The way from the Bosnian village to the Croatian capital is too long for the protagonists. They are tired. They are afraid of this audition. The father wants his son to be in the pictures. The son is a little bit shy, but the father acts like a “dumb but clever peasant” wanting to do everything to reach his aim.

Emir Hadgihafisbegovic is one of the great modern European actors and he portrays the father brilliantly. But even if there were another actor in his place, we, the audience would not only understand but even feel the content because of the director’s cinematic talent.

The walking feet are the same at each appearance. Using the Kuleshov effect, the director edits the feet with some different episodes, Svilicic, like his “dumb but clever” hero, reaches what he wants to reach. This father and son became our friends. We love them. We want them to win. When Armin fails we suddenly understand that it was something during the war which made the guy a “little bit shy”. And when neither Armin nor the father tells the German director what really happened, we agree with Mr. Svilicic who also keeps the secret.

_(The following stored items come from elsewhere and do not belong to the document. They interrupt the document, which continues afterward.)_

(* There is an absolute constant $c>0$ such that the following holds. Let $\mathcal{J}$ be an input set for Machine Covering on $m$ machines that is proper of degree $d$, with $n$ divisible by $8$, arriving in uniformly random order, and run the procedure $A_d$ on it. Then, with probability at least $c$, every large job is scheduled onto a large machine.
   Context: Machine Covering: $n$ jobs with non-negative sizes assigned to $m$ identical parallel machines, maximizing the minimum load; $\mathrm{OPT}(\mathcal{J})$ is the optimal offline minimum load. $P_i$ is the $i$-th largest job size. A job is large if its size exceeds $\frac{\mathrm{OPT}(\mathcal{J})}{100\sqrt[4]{m}}$, small otherwise; $k$ is the number of large jobs. $\mathcal{J}$ is simple if $n<m$, or $k\ge m$, or $k\le m-\frac{m^{3/4}}{50}$; otherwise it is proper of degree $d:=\lceil\log_2(m-k)\rceil$. Procedure $A_d$ (online, knows $n$): designate $2^d$ machines as small machines and the other $m-2^d$ as large machines. Sampling phase: each of the first $n/8$ arriving jobs is assigned to a least loaded large machine; then let $P^{\uparrow}$ be the $\left(\frac{m-2^d}{8}-\frac{\sqrt m}{2}\right)$-th largest size among these $n/8$ jobs. Partition phase: set $\tau=0$; for each subsequent job of size $p$: if $p\ge P^\uparrow$, assign it to a least loaded large machine; otherwise, if $p>\tau$, set $\tau:=p$ with probability $\frac{1}{9\cdot 2^d\sqrt m}$ (independent coin); then if $p\le\tau$ assign the job to a least loaded small machine, else to a least loaded large machine. *)

theory Defs
  imports "HOL-Probability.Probability"
begin

text \<open>An input is a list ps of job sizes; job j (j < length ps) has size ps ! j.
  An assignment maps jobs to machines {..<m}.\<close>

definition load :: "real list \<Rightarrow> (nat \<Rightarrow> nat) \<Rightarrow> nat \<Rightarrow> real" where
  "load ps f i = (\<Sum>j\<in>{j. j < length ps \<and> f j = i}. ps ! j)"

text \<open>Optimal offline minimum load (m \<ge> 1 assumed where used).\<close>
definition OPT :: "nat \<Rightarrow> real list \<Rightarrow> real" where
  "OPT m ps = Max ((\<lambda>f. Min (load ps f ` {..<m})) ` ({..<length ps} \<rightarrow>\<^sub>E {..<m}))"

definition large_job :: "nat \<Rightarrow> real list \<Rightarrow> nat \<Rightarrow> bool" where
  "large_job m ps j \<longleftrightarrow> ps ! j > OPT m ps / (100 * root 4 (real m))"

definition num_large :: "nat \<Rightarrow> real list \<Rightarrow> nat" where
  "num_large m ps = card {j. j < length ps \<and> large_job m ps j}"

definition simple_input :: "nat \<Rightarrow> real list \<Rightarrow> bool" where
  "simple_input m ps \<longleftrightarrow> length ps < m \<or> num_large m ps \<ge> m \<or>
      real (num_large m ps) \<le> real m - real m powr (3/4) / 50"

definition proper_input :: "nat \<Rightarrow> real list \<Rightarrow> bool" where
  "proper_input m ps \<longleftrightarrow> \<not> simple_input m ps"

definition degree :: "nat \<Rightarrow> real list \<Rightarrow> nat" where
  "degree m ps = nat \<lceil>log 2 (real (m - num_large m ps))\<rceil>"

definition coin_prob :: "nat \<Rightarrow> nat \<Rightarrow> real" where
  "coin_prob m d = 1 / (9 * 2 ^ d * sqrt (real m))"

text \<open>Least loaded machine in S; ties broken by smallest index (irrelevant for the event
  considered, which only depends on whether a job goes to a small or a large machine).\<close>
definition least_loaded :: "(nat \<Rightarrow> real) \<Rightarrow> nat set \<Rightarrow> nat" where
  "least_loaded L S = (LEAST i. i \<in> S \<and> (\<forall>j\<in>S. L i \<le> L j))"

text \<open>Threshold P-up: the r-th largest size among the first n/8 arriving jobs, where
  r = ceiling((m - 2^d)/8 - sqrt m / 2). Arrival order: job \<pi> t arrives at time t.\<close>
definition threshold :: "nat \<Rightarrow> nat \<Rightarrow> real list \<Rightarrow> (nat \<Rightarrow> nat) \<Rightarrow> real" where
  "threshold m d ps \<pi> =
     (let xs = rev (sort (map (\<lambda>t. ps ! \<pi> t) [0..<length ps div 8]));
          r = nat \<lceil>real (m - 2 ^ d) / 8 - sqrt (real m) / 2\<rceil>
      in xs ! (r - 1))"

text \<open>Machines {..<2^d} are small, {2^d..<m} are large. State: loads, assignment, tau.
  cs t is the independent coin used (if needed) at time t.\<close>
fun Ad_step :: "nat \<Rightarrow> nat \<Rightarrow> real list \<Rightarrow> (nat \<Rightarrow> nat) \<Rightarrow> (nat \<Rightarrow> bool) \<Rightarrow> real \<Rightarrow>
    (nat \<Rightarrow> real) \<times> (nat \<Rightarrow> nat) \<times> real \<Rightarrow> nat \<Rightarrow> (nat \<Rightarrow> real) \<times> (nat \<Rightarrow> nat) \<times> real" where
  "Ad_step m d ps \<pi> cs Pup (L, A, \<tau>) t =
    (let j = \<pi> t; p = ps ! j;
         put = (\<lambda>S \<tau>'. let i = least_loaded L S in (L(i := L i + p), A(j := i), \<tau>'))
     in if t < length ps div 8 then put {2 ^ d..<m} \<tau>
        else if Pup \<le> p then put {2 ^ d..<m} \<tau>
        else (let \<tau>' = (if \<tau> < p \<and> cs t then p else \<tau>)
              in if p \<le> \<tau>' then put {..<2 ^ d} \<tau>' else put {2 ^ d..<m} \<tau>'))"

definition Ad_run :: "nat \<Rightarrow> nat \<Rightarrow> real list \<Rightarrow> (nat \<Rightarrow> nat) \<Rightarrow> (nat \<Rightarrow> bool) \<Rightarrow> nat \<Rightarrow> nat" where
  "Ad_run m d ps \<pi> cs =
     fst (snd (foldl (Ad_step m d ps \<pi> cs (threshold m d ps \<pi>)) (\<lambda>_. 0, \<lambda>_. 0, 0)
                     [0..<length ps]))"

definition Ad_space :: "nat \<Rightarrow> nat \<Rightarrow> real list \<Rightarrow> ((nat \<Rightarrow> nat) \<times> (nat \<Rightarrow> bool)) pmf" where
  "Ad_space m d ps = pair_pmf (pmf_of_set {\<pi>. \<pi> permutes {..<length ps}})
      (Pi_pmf {..<length ps} False (\<lambda>_. bernoulli_pmf (coin_prob m d)))"

end

theory Submission
  imports Defs
begin
lemma bessel_inequality_0_pi:
  fixes \<phi> :: "nat \<Rightarrow> real \<Rightarrow> real" and h :: "real \<Rightarrow> complex"
  assumes fin: "finite K"
    and orth: "\<And>k l. k \<in> K \<Longrightarrow> l \<in> K \<Longrightarrow>
        integral {0..pi} (\<lambda>t. \<phi> k t * \<phi> l t) = (if k = l then pi / 2 else 0)"
    and cont: "\<And>k. k \<in> K \<Longrightarrow> continuous_on {0..pi} (\<phi> k)"
    and hc: "continuous_on {0..pi} h" and x: "x \<in> {0..pi}"
  shows "(\<Sum>k\<in>K. (norm (integral {0..x} (\<lambda>t. h t * of_real (\<phi> k t))))\<^sup>2)
         \<le> pi / 2 * integral {0..x} (\<lambda>t. (norm (h t))\<^sup>2)"
proof -
  define \<beta> where "\<beta> k = integral {0..x} (\<lambda>t. h t * of_real (\<phi> k t))" for k
  define S where "S = (\<Sum>k\<in>K. (norm (\<beta> k))\<^sup>2)"
  \<comment> \<open>the projection of h, cut off at x, onto the span of the \<phi> k in L2 [0, pi]\<close>
  define s where "s t = (\<Sum>k\<in>K. (2 / pi * \<beta> k) * of_real (\<phi> k t))" for t
  have sc: "continuous_on {0..pi} s"
    unfolding s_def by (intro continuous_intros cont)
  note int_x = integrable_on_subinterval_0_pi[OF _ x]
  have "integral {0..x} (\<lambda>t. Re (h t * cnj (s t)))
      = (\<Sum>k\<in>K. Re (cnj (2 / pi * \<beta> k) * integral {0..x} (\<lambda>t. h t * of_real (\<phi> k t))))"
    unfolding s_def using fin hc cont by (intro integral_Re_mult_cnj_sum int_x continuous_intros)
  also have "\<dots> = 2 / pi * S"
  proof -
    have "Re (cnj (2 / pi * \<beta> k) * \<beta> k) = 2 / pi * (norm (\<beta> k))\<^sup>2" for k
      unfolding cmod_power2 by (simp add: power2_eq_square algebra_simps add_divide_distrib)
    then show ?thesis
      unfolding S_def \<beta>_def[symmetric] by (simp add: sum_distrib_left)
  qed
  finally have mixed: "integral {0..x} (\<lambda>t. Re (h t * cnj (s t))) = 2 / pi * S" .
  have "integral {0..x} (\<lambda>t. (norm (s t))\<^sup>2) \<le> pi / 2 * (\<Sum>k\<in>K. (norm (2 / pi * \<beta> k))\<^sup>2)"
    unfolding s_def by (rule integral_norm_orthogonal_sum_square_le[OF fin orth cont x])
  also have "\<dots> = 2 / pi * S"
  proof -
    have "norm (2 / pi * \<beta> k) = 2 / pi * norm (\<beta> k)" for k
      by (simp add: norm_mult norm_divide)
    then show ?thesis
      by (simp only:) (simp add: S_def power_mult_distrib sum_distrib_left power2_eq_square)
  qed
  finally have square: "integral {0..x} (\<lambda>t. (norm (s t))\<^sup>2) \<le> 2 / pi * S" .
  have "0 \<le> integral {0..x} (\<lambda>t. (norm (h t - s t))\<^sup>2)"
    by (intro integral_nonneg int_x continuous_intros hc sc) simp
  also have "\<dots> = integral {0..x} (\<lambda>t. (norm (h t))\<^sup>2)
      - 2 * integral {0..x} (\<lambda>t. Re (h t * cnj (s t))) + integral {0..x} (\<lambda>t. (norm (s t))\<^sup>2)"
    unfolding norm_diff_square
    by (simp add: integral_add integral_diff int_x continuous_intros hc sc del: integral_mult)
  finally have "2 / pi * S \<le> integral {0..x} (\<lambda>t. (norm (h t))\<^sup>2)"
    using mixed square by linarith
  then show ?thesis
    unfolding S_def \<beta>_def by (simp add: field_simps)
qed

lemma norm_cos_sub_one_le:
  fixes w :: complex
  shows "norm (cos w - 1) \<le> exp (norm w) * (norm w)\<^sup>2"
proof -
  have "norm (cos w - (\<Sum>k\<le>1. complex_of_real (cos_coeff k) * w ^ k)) \<le> exp \<bar>Im w\<bar> * (norm w)\<^sup>2"
    using Taylor_cos[of w 1] by (simp add: power2_eq_square)
  moreover have "(\<Sum>k\<le>1. complex_of_real (cos_coeff k) * w ^ k) = 1"
    by (simp add: cos_coeff_def)
  moreover have "exp \<bar>Im w\<bar> \<le> exp (norm w)"
    using abs_Im_le_cmod by simp
  ultimately show ?thesis
    by (smt (verit) mult_right_mono zero_le_power2)
qed

lemma norm_sin_sub_le:
  fixes w :: complex
  shows "norm (sin w - w) \<le> exp (norm w) * (norm w)\<^sup>2"
proof -
  have "norm (sin w - (\<Sum>k\<le>1. complex_of_real (sin_coeff k) * w ^ k)) \<le> exp \<bar>Im w\<bar> * (norm w)\<^sup>2"
    using Taylor_sin[of w 1] by (simp add: power2_eq_square)
  moreover have "(\<Sum>k\<le>1. complex_of_real (sin_coeff k) * w ^ k) = w"
    by (simp add: sin_coeff_def)
  moreover have "exp \<bar>Im w\<bar> \<le> exp (norm w)"
    using abs_Im_le_cmod by simp
  ultimately show ?thesis
    by (smt (verit) mult_right_mono zero_le_power2)
qed

lemma norm_cos_add_taylor1_le:
  fixes a :: real and w :: complex
  shows "norm (cos (of_real a + w) - cos (of_real a) + w * sin (of_real a)) \<le> 2 * exp (norm w) * (norm w)\<^sup>2"
proof -
  have "cos (of_real a + w) - cos (of_real a) + w * sin (of_real a) =
     of_real (cos a) * (cos w - 1) - of_real (sin a) * (sin w - w)"
    by (simp add: cos_add algebra_simps flip: cos_of_real sin_of_real)
  also have "norm \<dots> \<le> norm (of_real (cos a) * (cos w - 1)) + norm (of_real (sin a) * (sin w - w))"
    by (rule norm_triangle_ineq4)
  also have "\<dots> = \<bar>cos a\<bar> * norm (cos w - 1) + \<bar>sin a\<bar> * norm (sin w - w)"
    by (simp add: norm_mult)
  also have "\<dots> \<le> 1 * (exp (norm w) * (norm w)\<^sup>2) + 1 * (exp (norm w) * (norm w)\<^sup>2)"
    by (intro add_mono mult_mono abs_cos_le_one abs_sin_le_one norm_cos_sub_one_le norm_sin_sub_le) auto
  finally show ?thesis
    by simp
qed

lemma mult_le_weighted_squares:
  fixes a b \<mu> :: real
  assumes "\<mu> > 0"
  shows "a * b \<le> \<mu> / 2 * a\<^sup>2 + b\<^sup>2 / (2 * \<mu>)"
proof -
  have "0 \<le> (\<mu> * a - b)\<^sup>2"
    by simp
  then have "2 * \<mu> * (a * b) \<le> \<mu> * \<mu> * a\<^sup>2 + b\<^sup>2"
    by (simp add: power2_eq_square algebra_simps)
  then show ?thesis
    using assms by (simp add: field_simps power2_eq_square)
qed

lemma sum_mult_le_weighted_squares:
  fixes a b :: "'a \<Rightarrow> real"
  assumes "\<mu> > 0" "(\<Sum>k\<in>K. (a k)\<^sup>2) \<le> A"
  shows "(\<Sum>k\<in>K. a k * b k) \<le> \<mu> / 2 * A + (\<Sum>k\<in>K. (b k)\<^sup>2) / (2 * \<mu>)"
proof -
  have "(\<Sum>k\<in>K. a k * b k) \<le> (\<Sum>k\<in>K. \<mu> / 2 * (a k)\<^sup>2 + (b k)\<^sup>2 / (2 * \<mu>))"
    using assms by (intro sum_mono mult_le_weighted_squares)
  also have "\<dots> = \<mu> / 2 * (\<Sum>k\<in>K. (a k)\<^sup>2) + (\<Sum>k\<in>K. (b k)\<^sup>2) / (2 * \<mu>)"
    by (simp add: sum.distrib sum_distrib_left sum_divide_distrib)
  also have "\<dots> \<le> \<mu> / 2 * A + (\<Sum>k\<in>K. (b k)\<^sup>2) / (2 * \<mu>)"
    using assms by (intro add_right_mono mult_left_mono) auto
  finally show ?thesis .
qed

lemma integral_norm_le_weighted_squares:
  fixes h :: "real \<Rightarrow> complex"
  assumes "continuous_on {0..pi} h" "x \<in> {0..pi}" "F > 0"
  shows "integral {0..x} (\<lambda>t. norm (h t)) \<le> pi * (F / 2) + integral {0..x} (\<lambda>t. (norm (h t))\<^sup>2) / (2 * F)"
proof -
  have "integral {0..x} (\<lambda>t. norm (h t)) \<le> integral {0..x} (\<lambda>t. F / 2 + (norm (h t))\<^sup>2 / (2 * F))"
    using assms mult_le_weighted_squares[OF assms(3), of 1]
    by (intro integral_le integrable_on_subinterval_0_pi continuous_intros) auto
  also have "\<dots> = x * (F / 2) + integral {0..x} (\<lambda>t. (norm (h t))\<^sup>2) / (2 * F)"
    using assms by (simp add: integral_add integrable_on_subinterval_0_pi continuous_intros)
  also have "\<dots> \<le> pi * (F / 2) + integral {0..x} (\<lambda>t. (norm (h t))\<^sup>2) / (2 * F)"
    using assms by (intro add_right_mono mult_right_mono) auto
  finally show ?thesis .
qed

I hope every film student knows about the Kuleshov effect. But unfortunately the majority of new directors prefer to use elements from TV advertising and work with a “green screen”. I hope, too, that every film student has seen Belissima by Lucino Visconti, but no one tried to make his own version of this classic. The classic is a classic because each time one can film it in a new way.

It seems to me, nowadays that young directors know only one name from film history. They prefer to be a Croatian, German, Russian, Rumanian … Tarantino and try to kill more people on the screen than even Quentin himself did not do.

So, when in a modern film world you meet the director who tells very simple stories using pure film language; whose style grows out of great film history, you start think that if there is even one such a director, may be the future of filmmaking is not that bad.